===== Entries supplied
(* Let $(G,<_X,k)$ be an instance of \textsc{One-Sided $k$-Planarity} with $G=(X\cup Y,E)$. If $G$ contains a vertex $v\in X$ with $\deg(v)>2k+2$ that has a leaf neighbor $y\in Y$, then $(G,<_X,k)$ is a YES-instance if and only if $(G-y,<_X,k)$ is a YES-instance.
   Context: A leaf is a vertex with exactly one neighbor. A 2-layer drawing of a bipartite graph $G=(X\cup Y,E)$ ($X\cap Y=\emptyset$, $E\subseteq X\times Y$) is a pair $(<_X,<_Y)$ of strict linear orders on $X$ and $Y$. Edges $\{x,y\},\{x',y'\}$ with $x\ne x'\in X$, $y\ne y'\in Y$ cross if $x<_Xx'$ and $y'<_Yy$. The drawing is $k$-planar if every edge crosses at most $k$ edges. \textsc{One-Sided $k$-Planarity}: given a bipartite graph $(X\cup Y,E)$, an integer $k\ge0$ and a linear order $<_X$ of $X$, decide whether there is a linear order $<_Y$ of $Y$ with $(<_X,<_Y)$ a 2-layer $k$-planar drawing; a YES-instance is one for which the answer is yes. *)

theory Defs
  imports Main
begin

definition bip_graph :: "'a set \<Rightarrow> 'a set \<Rightarrow> ('a \<times> 'a) set \<Rightarrow> bool" where
  "bip_graph X Y E \<longleftrightarrow> finite X \<and> finite Y \<and> X \<inter> Y = {} \<and> E \<subseteq> X \<times> Y"

definition crosses :: "'a rel \<Rightarrow> 'a rel \<Rightarrow> ('a \<times> 'a) \<Rightarrow> ('a \<times> 'a) \<Rightarrow> bool" where
  "crosses ordX ordY e e' \<longleftrightarrow>
     ((fst e, fst e') \<in> ordX \<and> (snd e', snd e) \<in> ordY) \<or>
     ((fst e', fst e) \<in> ordX \<and> (snd e, snd e') \<in> ordY)"

definition k_planar :: "('a \<times> 'a) set \<Rightarrow> nat \<Rightarrow> 'a rel \<Rightarrow> 'a rel \<Rightarrow> bool" where
  "k_planar E k ordX ordY \<longleftrightarrow>
     (\<forall>e\<in>E. card {e'\<in>E. crosses ordX ordY e e'} \<le> k)"

definition one_sided_k_planar :: "'a set \<Rightarrow> 'a set \<Rightarrow> ('a \<times> 'a) set \<Rightarrow> 'a rel \<Rightarrow> nat \<Rightarrow> bool" where
  "one_sided_k_planar X Y E ordX k \<longleftrightarrow>
     (\<exists>ordY. ordY \<subseteq> Y \<times> Y \<and> strict_linear_order_on Y ordY \<and> k_planar E k ordX ordY)"

definition degree :: "('a \<times> 'a) set \<Rightarrow> 'a \<Rightarrow> nat" where
  "degree E v = card ({y. (v, y) \<in> E} \<union> {x. (x, v) \<in> E})"

definition is_leaf :: "('a \<times> 'a) set \<Rightarrow> 'a \<Rightarrow> bool" where
  "is_leaf E v \<longleftrightarrow> degree E v = 1"

end

theory Submission
  imports Defs
begin

text \<open>Deleting y obviously preserves k-planarity. Conversely, take a k-planar order of
  Y - {y} and let N be the other neighbours of v, |N| \<ge> 2k + 2. Insert y directly before
  the first vertex that has at most k elements of N to its right. An edge (x, z) crossing
  (v, y) with x to the right of v would have z before y, so more than k edges (v, b) with
  b \<in> N cross it; if x is to the left of v, then z lies after y, at most k elements of N
  lie to the right of z, hence at least k + 1 lie to its left, and again more than k edges
  cross (x, z). So (v, y) is uncrossed and the other crossing numbers do not change.\<close>

lemma crosses_sym: "crosses ordX ordY e e' \<longleftrightarrow> crosses ordX ordY e' e"
  unfolding crosses_def by blast

lemma crosses_irrefl: "irrefl ordX \<Longrightarrow> \<not> crosses ordX ordY e e"
  unfolding crosses_def irrefl_def by blast

lemma k_planar_mono:
  assumes "k_planar E k ordX ordY" "finite E" "E' \<subseteq> E" "ordY' \<subseteq> ordY"
  shows "k_planar E' k ordX ordY'"
  unfolding k_planar_def
proof
  fix e assume "e \<in> E'"
  have "{e' \<in> E'. crosses ordX ordY' e e'} \<subseteq> {e' \<in> E. crosses ordX ordY e e'}"
    using assms(3,4) unfolding crosses_def by blast
  then have "card {e' \<in> E'. crosses ordX ordY' e e'} \<le> card {e' \<in> E. crosses ordX ordY e e'}"
    using assms(2) by (simp add: card_mono)
  also have "\<dots> \<le> k"
    using assms(1,3) \<open>e \<in> E'\<close> unfolding k_planar_def by blast
  finally show "card {e' \<in> E'. crosses ordX ordY' e e'} \<le> k" .
qed

lemma k_planar_cong_ordY:
  assumes "\<And>a b. a \<in> snd ` E \<Longrightarrow> b \<in> snd ` E \<Longrightarrow> (a, b) \<in> ordY \<longleftrightarrow> (a, b) \<in> ordY'"
  shows "k_planar E k ordX ordY \<longleftrightarrow> k_planar E k ordX ordY'"
proof -
  have "crosses ordX ordY e e' \<longleftrightarrow> crosses ordX ordY' e e'" if "e \<in> E" "e' \<in> E" for e e'
    using that assms unfolding crosses_def by auto
  then show ?thesis
    unfolding k_planar_def by (metis (no_types, lifting) Collect_cong)
qed

lemma k_planar_insert_uncrossed:
  assumes "k_planar E k ordX ordY" "\<And>e. e \<in> insert e\<^sub>0 E \<Longrightarrow> \<not> crosses ordX ordY e\<^sub>0 e"
  shows "k_planar (insert e\<^sub>0 E) k ordX ordY"
  unfolding k_planar_def
proof
  fix e assume e: "e \<in> insert e\<^sub>0 E"
  show "card {e' \<in> insert e\<^sub>0 E. crosses ordX ordY e e'} \<le> k"
  proof (cases "e = e\<^sub>0")
    case True
    then have "{e' \<in> insert e\<^sub>0 E. crosses ordX ordY e e'} = {}"
      using assms(2) by blast
    then show ?thesis by (metis card.empty zero_le)
  next
    case False
    with e have "e \<in> E" by simp
    moreover have "{e' \<in> insert e\<^sub>0 E. crosses ordX ordY e e'} = {e' \<in> E. crosses ordX ordY e e'}"
      using assms(2) e crosses_sym by blast
    ultimately show ?thesis using assms(1) unfolding k_planar_def by simp
  qed
qed

lemma card_crossing_star_le:
  assumes "k_planar E k ordX ordY" "finite E" "e \<in> E"
    and "B \<subseteq> {b. (v, b) \<in> E}" "\<And>b. b \<in> B \<Longrightarrow> crosses ordX ordY e (v, b)"
  shows "card B \<le> k"
proof -
  have "card B = card (Pair v ` B)"
    by (simp add: card_image inj_on_def)
  also have "\<dots> \<le> card {e' \<in> E. crosses ordX ordY e e'}"
    using assms(2,4,5) by (intro card_mono) auto
  also have "\<dots> \<le> k"
    using assms(1,3) unfolding k_planar_def by blast
  finally show ?thesis .
qed

lemma strict_linear_order_on_restrict:
  assumes "strict_linear_order_on A r" "B \<subseteq> A"
  shows "strict_linear_order_on B (r \<inter> B \<times> B)"
  using assms unfolding strict_linear_order_on_def trans_def irrefl_def total_on_def by blast

lemma strict_linear_order_on_insert_cut:
  assumes slo: "strict_linear_order_on A R" and R: "R \<subseteq> A \<times> A" and "y \<notin> A" "D \<subseteq> A"
    and down: "\<And>a b. (a, b) \<in> R \<Longrightarrow> b \<in> D \<Longrightarrow> a \<in> D"
  shows "strict_linear_order_on (insert y A) (R \<union> D \<times> {y} \<union> {y} \<times> (A - D))"
proof -
  have R_trans: "(a, c) \<in> R" if "(a, b) \<in> R" "(b, c) \<in> R" for a b c
    using slo that unfolding strict_linear_order_on_def trans_def by blast
  have R_total: "(a, b) \<in> R \<or> (b, a) \<in> R" if "a \<in> A" "b \<in> A" "a \<noteq> b" for a b
    using slo that unfolding strict_linear_order_on_def total_on_def by blast
  have D_before: "(a, c) \<in> R" if "a \<in> D" "c \<in> A - D" for a c
    using R_total[of a c] down[of c a] that \<open>D \<subseteq> A\<close> by blast
  have R_up: "b \<in> A - D" if "(a, b) \<in> R" "a \<in> A - D" for a b
    using down R that by blast
  show ?thesis
    using slo R \<open>y \<notin> A\<close> \<open>D \<subseteq> A\<close>
    unfolding strict_linear_order_on_def trans_def irrefl_def total_on_def
    by (auto dest: R_trans down R_up D_before)
qed

lemma one_sided_k_planar_mono:
  assumes "one_sided_k_planar X Y E ordX k" "finite E" "E' \<subseteq> E" "Y' \<subseteq> Y"
  shows "one_sided_k_planar X Y' E' ordX k"
proof -
  obtain R where "strict_linear_order_on Y R" "k_planar E k ordX R"
    using assms(1) unfolding one_sided_k_planar_def by blast
  then have "strict_linear_order_on Y' (R \<inter> Y' \<times> Y')" "k_planar E' k ordX (R \<inter> Y' \<times> Y')"
    using assms(2-4) by (auto intro: strict_linear_order_on_restrict k_planar_mono)
  then show ?thesis
    unfolding one_sided_k_planar_def by blast
qed

lemma one_sided_k_planar_insert_leaf:
  assumes yes: "one_sided_k_planar X A E ordX k" and fin: "finite E" and "irrefl ordX"
    and "snd ` E \<subseteq> A" "y \<notin> A" and deg: "2 * k + 2 \<le> card {b. (v, b) \<in> E}"
  shows "one_sided_k_planar X (insert y A) (insert (v, y) E) ordX k"
proof -
  obtain R where R: "strict_linear_order_on A R" "R \<subseteq> A \<times> A" "k_planar E k ordX R"
    using yes unfolding one_sided_k_planar_def by blast
  define N where "N = {b. (v, b) \<in> E}"
  define D where "D = {z \<in> A. k < card {b \<in> N. (z, b) \<in> R}}"
  define S where "S = R \<union> D \<times> {y} \<union> {y} \<times> (A - D)"
  have "N \<subseteq> snd ` E"
    unfolding N_def by force
  then have "finite N" "N \<subseteq> A"
    using fin \<open>snd ` E \<subseteq> A\<close> finite_subset by blast+
  have D_down: "a \<in> D" if "(a, b) \<in> R" "b \<in> D" for a b
  proof -
    have "{c \<in> N. (b, c) \<in> R} \<subseteq> {c \<in> N. (a, c) \<in> R}"
      using R(1) that(1) unfolding strict_linear_order_on_def trans_def by blast
    then have "card {c \<in> N. (b, c) \<in> R} \<le> card {c \<in> N. (a, c) \<in> R}"
      using \<open>finite N\<close> by (simp add: card_mono)
    then show ?thesis
      using that R(2) unfolding D_def by auto
  qed
  have "strict_linear_order_on (insert y A) S"
    unfolding S_def using R(1,2) \<open>y \<notin> A\<close> D_down
    by (intro strict_linear_order_on_insert_cut) (auto simp: D_def)
  moreover have "S \<subseteq> insert y A \<times> insert y A"
    using R(2) unfolding S_def D_def by blast
  moreover have "k_planar E k ordX S"
    using R(3) \<open>snd ` E \<subseteq> A\<close> \<open>y \<notin> A\<close>
    by (subst k_planar_cong_ordY[where ordY' = R]) (auto simp: S_def)
  moreover have "\<not> crosses ordX S (v, y) e" if e_in: "e \<in> insert (v, y) E" for e
  proof (cases "e = (v, y)")
    case True
    then show ?thesis using crosses_irrefl \<open>irrefl ordX\<close> by blast
  next
    case False
    then obtain x z where e: "e = (x, z)" "(x, z) \<in> E"
      using e_in by (cases e) auto
    then have "z \<in> A" using \<open>snd ` E \<subseteq> A\<close> by force
    have right_of_v: "z \<notin> D" if "(v, x) \<in> ordX"
    proof -
      have "card {b \<in> N. (z, b) \<in> R} \<le> k"
        using that by (intro card_crossing_star_le[OF R(3) fin e(2)]) (auto simp: N_def crosses_def)
      then show ?thesis unfolding D_def by simp
    qed
    have left_of_v: "z \<in> D" if "(x, v) \<in> ordX"
    proof -
      let ?L = "{b \<in> N. (b, z) \<in> R}" and ?R = "{b \<in> N. (z, b) \<in> R}"
      have "card ?L \<le> k"
        using that by (intro card_crossing_star_le[OF R(3) fin e(2)]) (auto simp: N_def crosses_def)
      have "N \<subseteq> insert z (?L \<union> ?R)"
        using R(1) \<open>N \<subseteq> A\<close> \<open>z \<in> A\<close> unfolding strict_linear_order_on_def total_on_def by blast
      then have "card N \<le> card (insert z (?L \<union> ?R))"
        using \<open>finite N\<close> by (intro card_mono) auto
      also have "\<dots> \<le> Suc (card (?L \<union> ?R))"
        using \<open>finite N\<close> by (simp add: card_insert_if)
      also have "\<dots> \<le> Suc (card ?L + card ?R)"
        by (simp add: card_Un_le)
      finally show ?thesis
        using \<open>card ?L \<le> k\<close> deg \<open>z \<in> A\<close> unfolding D_def N_def by simp
    qed
    have "(z, y) \<in> S \<Longrightarrow> z \<in> D" "(y, z) \<in> S \<Longrightarrow> z \<notin> D"
      using R(2) \<open>y \<notin> A\<close> unfolding S_def D_def by blast+
    then show ?thesis
      using right_of_v left_of_v unfolding e(1) crosses_def by auto
  qed
  ultimately show ?thesis
    unfolding one_sided_k_planar_def using k_planar_insert_uncrossed[of E k ordX S] by blast
qed

lemma bip_graph_finite_edges: "bip_graph X Y E \<Longrightarrow> finite E"
  unfolding bip_graph_def by (meson finite_SigmaI finite_subset)

lemma degree_left:
  assumes "bip_graph X Y E" "v \<in> X"
  shows "degree E v = card {b. (v, b) \<in> E}"
proof -
  have "{a. (a, v) \<in> E} = {}"
    using assms unfolding bip_graph_def by blast
  then show ?thesis unfolding degree_def by simp
qed

lemma degree_right:
  assumes "bip_graph X Y E" "y \<in> Y"
  shows "degree E y = card {a. (a, y) \<in> E}"
proof -
  have "{b. (y, b) \<in> E} = {}"
    using assms unfolding bip_graph_def by blast
  then show ?thesis unfolding degree_def by simp
qed

lemma is_leaf_right_neighbour:
  assumes "bip_graph X Y E" "y \<in> Y" "is_leaf E y" "(v, y) \<in> E"
  shows "{a. (a, y) \<in> E} = {v}"
proof -
  have "card {a. (a, y) \<in> E} = 1"
    using assms(3) degree_right[OF assms(1,2)] unfolding is_leaf_def by simp
  then show ?thesis
    using assms(4) by (metis card_1_singletonE mem_Collect_eq singletonD)
qed

theorem lemma3p2:
  fixes X Y :: "'a set" and E :: "('a \<times> 'a) set" and ordX :: "'a rel" and k :: nat
    and v y :: 'a
  assumes "bip_graph X Y E"
    and "ordX \<subseteq> X \<times> X" and "strict_linear_order_on X ordX"
    and "v \<in> X" and "degree E v > 2 * k + 2"
    and "y \<in> Y" and "(v, y) \<in> E" and "is_leaf E y"
  shows "one_sided_k_planar X Y E ordX k \<longleftrightarrow>
         one_sided_k_planar X (Y - {y}) {e \<in> E. snd e \<noteq> y} ordX k"
proof
  show "one_sided_k_planar X (Y - {y}) {e \<in> E. snd e \<noteq> y} ordX k"
    if "one_sided_k_planar X Y E ordX k"
    using that bip_graph_finite_edges[OF assms(1)] by (rule one_sided_k_planar_mono) auto
next
  define E' where "E' = {e \<in> E. snd e \<noteq> y}"
  assume "one_sided_k_planar X (Y - {y}) {e \<in> E. snd e \<noteq> y} ordX k"
  moreover have "finite E'" "snd ` E' \<subseteq> Y - {y}" "irrefl ordX"
    using assms(1,3) bip_graph_finite_edges[OF assms(1)]
    unfolding E'_def bip_graph_def strict_linear_order_on_def by auto
  moreover have "2 * k + 2 \<le> card {b. (v, b) \<in> E'}"
  proof -
    have "{b. (v, b) \<in> E'} = {b. (v, b) \<in> E} - {y}"
      unfolding E'_def by auto
    then show ?thesis
      using assms(5,7) degree_left[OF assms(1,4)] by (simp add: card_Diff_singleton_if)
  qed
  ultimately have "one_sided_k_planar X (insert y (Y - {y})) (insert (v, y) E') ordX k"
    unfolding E'_def by (intro one_sided_k_planar_insert_leaf) auto
  moreover have "insert (v, y) E' = E"
    using is_leaf_right_neighbour[OF assms(1,6,8,7)] assms(7) unfolding E'_def by force
  ultimately show "one_sided_k_planar X Y E ordX k"
    using assms(6) by (simp add: insert_absorb)
qed

end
==========
Try it: Stop after the line containing "Y E \<longleftrightarrow>": print exactly the lines from the start of the entries above up to it, that line included.

Solution below:
(* Let $(G,<_X,k)$ be an instance of \textsc{One-Sided $k$-Planarity} with $G=(X\cup Y,E)$. If $G$ contains a vertex $v\in X$ with $\deg(v)>2k+2$ that has a leaf neighbor $y\in Y$, then $(G,<_X,k)$ is a YES-instance if and only if $(G-y,<_X,k)$ is a YES-instance.
   Context: A leaf is a vertex with exactly one neighbor. A 2-layer drawing of a bipartite graph $G=(X\cup Y,E)$ ($X\cap Y=\emptyset$, $E\subseteq X\times Y$) is a pair $(<_X,<_Y)$ of strict linear orders on $X$ and $Y$. Edges $\{x,y\},\{x',y'\}$ with $x\ne x'\in X$, $y\ne y'\in Y$ cross if $x<_Xx'$ and $y'<_Yy$. The drawing is $k$-planar if every edge crosses at most $k$ edges. \textsc{One-Sided $k$-Planarity}: given a bipartite graph $(X\cup Y,E)$, an integer $k\ge0$ and a linear order $<_X$ of $X$, decide whether there is a linear order $<_Y$ of $Y$ with $(<_X,<_Y)$ a 2-layer $k$-planar drawing; a YES-instance is one for which the answer is yes. *)

theory Defs
  imports Main
begin

definition bip_graph :: "'a set \<Rightarrow> 'a set \<Rightarrow> ('a \<times> 'a) set \<Rightarrow> bool" where
  "bip_graph X Y E \<longleftrightarrow> finite X \<and> finite Y \<and> X \<inter> Y = {} \<and> E \<subseteq> X \<times> Y"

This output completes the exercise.